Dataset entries
· · ·

lemma orbit_eq_if_in_orbit:
  assumes "x \<in> orbit f x" "y \<in> orbit f x"
  shows "orbit f y = orbit f x"
  using assms by (meson orbit_swap orbit_trans self_in_orbit_trans subsetI subset_antisym)

lemma funpow_switch_between:
  assumes "a < b" "P ((g ^^ a) x) \<noteq> P ((g ^^ b) x)"
  shows "\<exists>c. a \<le> c \<and> c < b \<and> P ((g ^^ c) x) \<noteq> P ((g ^^ Suc c) x)"
  using assms
proof (induction b)
  case (Suc b)
  show ?case
  proof (cases "P ((g ^^ b) x) = P ((g ^^ Suc b) x)")
    case True
    with Suc.prems have "a < b"
      by (auto simp: less_Suc_eq)
    with Suc.IH Suc.prems(2) True show ?thesis
      by (auto intro: less_SucI)
  next
    case False
    with Suc.prems(1) show ?thesis
      by (auto simp: less_Suc_eq_le)
  qed
qed simp

lemma card_le_card_switches_orbit:
  assumes "x \<in> orbit g x" "orbit g x \<subseteq> A" "finite A"
    and "C \<subseteq> {..<funpow_dist1 g x x}"
    and "\<And>c. c \<in> C \<Longrightarrow> P ((g ^^ c) x) \<noteq> P ((g ^^ Suc c) x)"
  shows "card C \<le> card (switches g P A)"
proof (rule card_inj_on_le)
  show "inj_on (\<lambda>c. (g ^^ c) x) C"
    by (rule inj_on_subset[OF inj_on_funpow_dist1[OF assms(1)]]) (use assms(4) in auto)
  show "(\<lambda>c. (g ^^ c) x) ` C \<subseteq> switches g P A"
    using assms(1,2,5) funpow_in_orbit by (fastforce simp: switches_def)
qed (simp add: assms(3))

lemma two_le_card_switches_orbit:
  assumes "x \<in> orbit g x" "orbit g x \<subseteq> A" "finite A"
    and "y \<in> orbit g x" "P y \<noteq> P x"
  shows "2 \<le> card (switches g P A)"
proof -
  define p where "p = funpow_dist1 g x x"
  have p: "0 < p" "(g ^^ p) x = x"
    using funpow_dist1_prop[OF assms(1)] by (simp_all add: p_def)
  then obtain m where m: "m < p" "y = (g ^^ m) x"
    using assms(4) orbit_altdef_bounded[OF p(2,1)] by auto
  with assms(5) have "0 < m" by (cases m) auto
  then obtain c1 where "c1 < m" "P ((g ^^ c1) x) \<noteq> P ((g ^^ Suc c1) x)"
    using funpow_switch_between[of 0 m P g x] m assms(5) by auto
  moreover obtain c2 where "m \<le> c2" "c2 < p" "P ((g ^^ c2) x) \<noteq> P ((g ^^ Suc c2) x)"
    using funpow_switch_between[of m p P g x] m p assms(5) by auto
  ultimately have "card {c1, c2} \<le> card (switches g P A)"
    by (intro card_le_card_switches_orbit[OF assms(1-3)]) (auto simp: p_def)
  with \<open>c1 < m\<close> \<open>m \<le> c2\<close> show ?thesis by simp
qed

lemma four_le_card_switches_orbit:
  assumes "x \<in> orbit g x" "orbit g x \<subseteq> A" "finite A"
    and "0 < i" "i < j" "j < k" "\<And>m. 0 < m \<Longrightarrow> m \<le> k \<Longrightarrow> (g ^^ m) x \<noteq> x"
    and "P x \<noteq> P ((g ^^ i) x)" "P ((g ^^ i) x) \<noteq> P ((g ^^ j) x)"
    and "P ((g ^^ j) x) \<noteq> P ((g ^^ k) x)" "P ((g ^^ k) x) \<noteq> P x"
  shows "4 \<le> card (switches g P A)"
proof -
  define p where "p = funpow_dist1 g x x"
  have p: "0 < p" "(g ^^ p) x = x"
    using funpow_dist1_prop[OF assms(1)] by (simp_all add: p_def)
  have "k < p"
    using assms(7)[of p] p by (cases "k < p") auto
  obtain c1 where "c1 < i" "P ((g ^^ c1) x) \<noteq> P ((g ^^ Suc c1) x)"
    using funpow_switch_between[of 0 i P g x] assms(4,8) by auto
  moreover obtain c2 where "i \<le> c2" "c2 < j" "P ((g ^^ c2) x) \<noteq> P ((g ^^ Suc c2) x)"
    using funpow_switch_between[of i j P g x] assms(5,9) by auto
  moreover obtain c3 where "j \<le> c3" "c3 < k" "P ((g ^^ c3) x) \<noteq> P ((g ^^ Suc c3) x)"
    using funpow_switch_between[of j k P g x] assms(6,10) by auto
  moreover obtain c4 where "k \<le> c4" "c4 < p" "P ((g ^^ c4) x) \<noteq> P ((g ^^ Suc c4) x)"
    using funpow_switch_between[of k p P g x] \<open>k < p\<close> p assms(11) by auto
  ultimately have "card {c1, c2, c3, c4} \<le> card (switches g P A)"
    by (intro card_le_card_switches_orbit[OF assms(1-3)]) (auto simp: p_def)
  moreover have "card {c1, c2, c3, c4} = 4"
    using \<open>c1 < i\<close> \<open>i \<le> c2\<close> \<open>c2 < j\<close> \<open>j \<le> c3\<close> \<open>c3 < k\<close> \<open>k \<le> c4\<close> by auto
  ultimately show ?thesis by simp
qed

definition darts_at :: "'e set \<Rightarrow> ('e \<Rightarrow> 'v) \<Rightarrow> ('e \<Rightarrow> 'v) \<Rightarrow> 'v \<Rightarrow> ('e \<times> bool) set" where
  "darts_at E src tgt w = {d \<in> darts E. dvert src tgt d = w}"

lemma finite_darts: "finite E \<Longrightarrow> finite (darts E)"
  by (simp add: darts_def)

lemma card_darts: "finite E \<Longrightarrow> card (darts E) = 2 * card E"
  by (simp add: darts_def card_cartesian_product)

lemma flip_flip [simp]: "flip (flip d) = d"
  by (cases d) simp

lemma inj_flip: "inj flip"
  by (rule injI) (metis flip_flip)

lemma bij_betw_flip_darts: "bij_betw flip (darts E) (darts E)"
  by (rule bij_betwI[of _ _ _ flip]) (auto simp: darts_def)

lemma bij_betw_faceperm:
  "bij_betw \<sigma> (darts E) (darts E) \<Longrightarrow> bij_betw (faceperm \<sigma>) (darts E) (darts E)"
  unfolding faceperm_def by (rule bij_betw_trans[OF bij_betw_flip_darts])

lemma card_switches_add_card_face_switches:
  assumes "finite E"
  shows "card (switches \<sigma> snd (darts E)) + card (switches (faceperm \<sigma>) snd (darts E)) = 2 * card E"
proof -
  let ?S = "{d \<in> darts E. snd d = snd (\<sigma> d)}"
  have "card (darts E) = card (switches \<sigma> snd (darts E) \<union> ?S)"
    by (rule arg_cong[of _ _ card]) (auto simp: switches_def)
  also have "\<dots> = card (switches \<sigma> snd (darts E)) + card ?S"
    using finite_darts[OF assms] by (intro card_Un_disjoint) (auto simp: switches_def)
  finally have darts_split: "card (darts E) = card (switches \<sigma> snd (darts E)) + card ?S" .
  have mem: "d \<in> switches (faceperm \<sigma>) snd (darts E) \<longleftrightarrow> flip d \<in> ?S" for d
    by (cases d) (auto simp: switches_def faceperm_def darts_def)
  have "switches (faceperm \<sigma>) snd (darts E) = flip ` ?S"
  proof (intro set_eqI iffI)
    fix d assume "d \<in> switches (faceperm \<sigma>) snd (darts E)"
    then show "d \<in> flip ` ?S"
      using mem[of d] by (intro image_eqI[of d flip "flip d"]) simp_all
  next
    fix d assume "d \<in> flip ` ?S"
    then have "flip d \<in> ?S"
      by (auto simp del: flip.simps)
    then show "d \<in> switches (faceperm \<sigma>) snd (darts E)"
      using mem by blast
  qed
  moreover have "card (flip ` ?S) = card ?S"
    by (rule card_image) (rule inj_on_subset[OF inj_flip subset_UNIV])
  ultimately show ?thesis
    using darts_split card_darts[OF assms] by simp
qed
(* Let $G=(V,E)$ be a graph with a partition $(V_1,V_2)$ of $V$ such that $G[V_1]$ and $G[V_2]$ are $P_5$-free. Let $X\subseteq V_2$ be such that no vertex of $X$ has a neighbour in $V_1$ and exactly one vertex of $V_2\setminus X$ has a neighbour in $X$. If there exists a set $F\subseteq V_2$ such that $G\setminus F$ is $P_5$-free and $F\cap X\neq\emptyset$, then there exists a set $F'\subseteq V_2$ such that $G\setminus F'$ is $P_5$-free, $F'\cap X=\emptyset$, and $|F'|\le|F|$.
   Context: Graphs are finite, simple and undirected. A $P_5$ is a path on $5$ vertices (as a not necessarily induced subgraph); a graph is $P_5$-free if it contains no $P_5$. $G[X]$ denotes the subgraph induced by $X$, and $G\setminus F=G[V\setminus F]$. *)

theory Defs
  imports Main
begin

definition simple_graph :: "'a set \<Rightarrow> ('a \<Rightarrow> 'a \<Rightarrow> bool) \<Rightarrow> bool" where
  "simple_graph V E \<longleftrightarrow> finite V \<and> (\<forall>u v. E u v \<longrightarrow> E v u)
     \<and> (\<forall>v. \<not> E v v) \<and> (\<forall>u v. E u v \<longrightarrow> u \<in> V \<and> v \<in> V)"

text \<open>The induced subgraph G[S] contains a P5 (not necessarily induced):
five distinct vertices of S, consecutive ones adjacent.\<close>
definition has_P5 :: "'a set \<Rightarrow> ('a \<Rightarrow> 'a \<Rightarrow> bool) \<Rightarrow> bool" where
  "has_P5 S E \<longleftrightarrow> (\<exists>v1 v2 v3 v4 v5.
      v1 \<in> S \<and> v2 \<in> S \<and> v3 \<in> S \<and> v4 \<in> S \<and> v5 \<in> S \<and>
      distinct [v1, v2, v3, v4, v5] \<and>
      E v1 v2 \<and> E v2 v3 \<and> E v3 v4 \<and> E v4 v5)"

definition P5_free :: "'a set \<Rightarrow> ('a \<Rightarrow> 'a \<Rightarrow> bool) \<Rightarrow> bool" where
  "P5_free S E \<longleftrightarrow> \<not> has_P5 S E"

end

theory Submission
  imports Defs
begin

text \<open>Replace the vertices of \<open>F\<close> inside \<open>X\<close> by the unique vertex \<open>w\<close> of \<open>V\<^sub>2 - X\<close> attached to
\<open>X\<close>. Once \<open>w\<close> is deleted, no edge leaves \<open>X\<close>, so a \<open>P\<^sub>5\<close>, being connected, lies either inside
\<open>X \<subseteq> V\<^sub>2\<close> or outside \<open>X\<close>, where it avoids the original \<open>F\<close> as well.\<close>

lemma has_P5_mono: "S \<subseteq> T \<Longrightarrow> has_P5 S E \<Longrightarrow> has_P5 T E"
  unfolding has_P5_def by blast

lemma P5_free_subset: "S \<subseteq> T \<Longrightarrow> P5_free T E \<Longrightarrow> P5_free S E"
  unfolding P5_free_def using has_P5_mono by blast

lemma has_P5_separated:
  assumes no_edge: "\<And>a b. a \<in> S \<inter> X \<Longrightarrow> b \<in> S - X \<Longrightarrow> \<not> E a b \<and> \<not> E b a"
    and "has_P5 S E"
  shows "has_P5 (S \<inter> X) E \<or> has_P5 (S - X) E"
proof -
  obtain v1 v2 v3 v4 v5 where
    path: "v1 \<in> S" "v2 \<in> S" "v3 \<in> S" "v4 \<in> S" "v5 \<in> S"
      "distinct [v1, v2, v3, v4, v5]" "E v1 v2" "E v2 v3" "E v3 v4" "E v4 v5"
    using \<open>has_P5 S E\<close> unfolding has_P5_def by blast
  have edge_stays: "a \<in> X \<longleftrightarrow> b \<in> X" if "a \<in> S" "b \<in> S" "E a b" for a b
    using that no_edge[of a b] no_edge[of b a] by auto
  have "v1 \<in> X \<longleftrightarrow> v5 \<in> X" "v2 \<in> X \<longleftrightarrow> v1 \<in> X" "v3 \<in> X \<longleftrightarrow> v1 \<in> X" "v4 \<in> X \<longleftrightarrow> v1 \<in> X"
    using edge_stays[OF path(1,2,7)] edge_stays[OF path(2,3,8)]
      edge_stays[OF path(3,4,9)] edge_stays[OF path(4,5,10)] by simp_all
  then have "{v1, v2, v3, v4, v5} \<subseteq> S \<inter> X \<or> {v1, v2, v3, v4, v5} \<subseteq> S - X"
    using path(1-5) by (cases "v1 \<in> X") auto
  moreover have "has_P5 T E" if "{v1, v2, v3, v4, v5} \<subseteq> T" for T
    unfolding has_P5_def using that path(6-10)
    by (intro exI[of _ v1] exI[of _ v2] exI[of _ v3] exI[of _ v4] exI[of _ v5]) simp
  ultimately show ?thesis by blast
qed

lemma card_insert_Diff_le:
  assumes "finite F" "F \<inter> X \<noteq> {}"
  shows "card (insert w (F - X)) \<le> card F"
proof -
  have "card (F - X) < card F"
    using assms by (intro psubset_card_mono) auto
  then show ?thesis
    using card_insert_le_m1 assms(1) by (simp add: card_insert_if)
qed

theorem lemma7:
  fixes V V1 V2 X F :: "'a set" and E :: "'a \<Rightarrow> 'a \<Rightarrow> bool"
  assumes graph: "simple_graph V E"
    and part: "V1 \<union> V2 = V" "V1 \<inter> V2 = {}"
    and free1: "P5_free V1 E" and free2: "P5_free V2 E"
    and X_sub: "X \<subseteq> V2"
    and X_no_V1: "\<forall>x\<in>X. \<forall>u\<in>V1. \<not> E x u"
    and one_attach: "\<exists>!w. w \<in> V2 - X \<and> (\<exists>x\<in>X. E w x)"
    and F_sub: "F \<subseteq> V2" and F_free: "P5_free (V - F) E"
    and F_X: "F \<inter> X \<noteq> {}"
  shows "\<exists>F'. F' \<subseteq> V2 \<and> P5_free (V - F') E \<and> F' \<inter> X = {} \<and> card F' \<le> card F"
proof -
  obtain w where w: "w \<in> V2 - X"
    and w_unique: "\<And>y. y \<in> V2 - X \<Longrightarrow> \<exists>x\<in>X. E y x \<Longrightarrow> y = w"
    using one_attach by blast
  have sym: "\<And>u v. E u v \<Longrightarrow> E v u" and "finite V"
    using graph unfolding simple_graph_def by auto
  define F' where "F' = insert w (F - X)"
  have no_edge: "\<not> E a b \<and> \<not> E b a" if "a \<in> (V - F') \<inter> X" "b \<in> (V - F') - X" for a b
  proof -
    have "b \<notin> V1 \<or> \<not> E a b"
      using X_no_V1 that(1) by blast
    moreover have "b \<notin> V2 - X \<or> \<not> E a b"
      using w_unique[of b] sym[of a b] that unfolding F'_def by blast
    ultimately show ?thesis
      using that part(1) sym[of b a] by blast
  qed
  have "P5_free (V - F') E"
  proof -
    have "P5_free ((V - F') \<inter> X) E"
      using X_sub by (blast intro: P5_free_subset[OF _ free2])
    moreover have "P5_free ((V - F') - X) E"
      unfolding F'_def by (blast intro: P5_free_subset[OF _ F_free])
    ultimately show ?thesis
      using has_P5_separated[of "V - F'" X E] no_edge unfolding P5_free_def by metis
  qed
  moreover have "card F' \<le> card F"
    unfolding F'_def using F_sub part(1) \<open>finite V\<close> F_X
    by (intro card_insert_Diff_le) (auto intro: finite_subset)
  moreover have "F' \<subseteq> V2" "F' \<inter> X = {}"
    using F_sub w unfolding F'_def by auto
  ultimately show ?thesis by blast
qed

end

· · ·

* EXERCISE DIRECTIONS: Could you quote, exactly as they appear, the line containing "using F_sub w unfolding F'_def by auto" and every line after it to the end of the records above?

* OUTPUT FOR THIS EXERCISE:
    using F_sub w unfolding F'_def by auto
  ultimately show ?thesis by blast
qed

end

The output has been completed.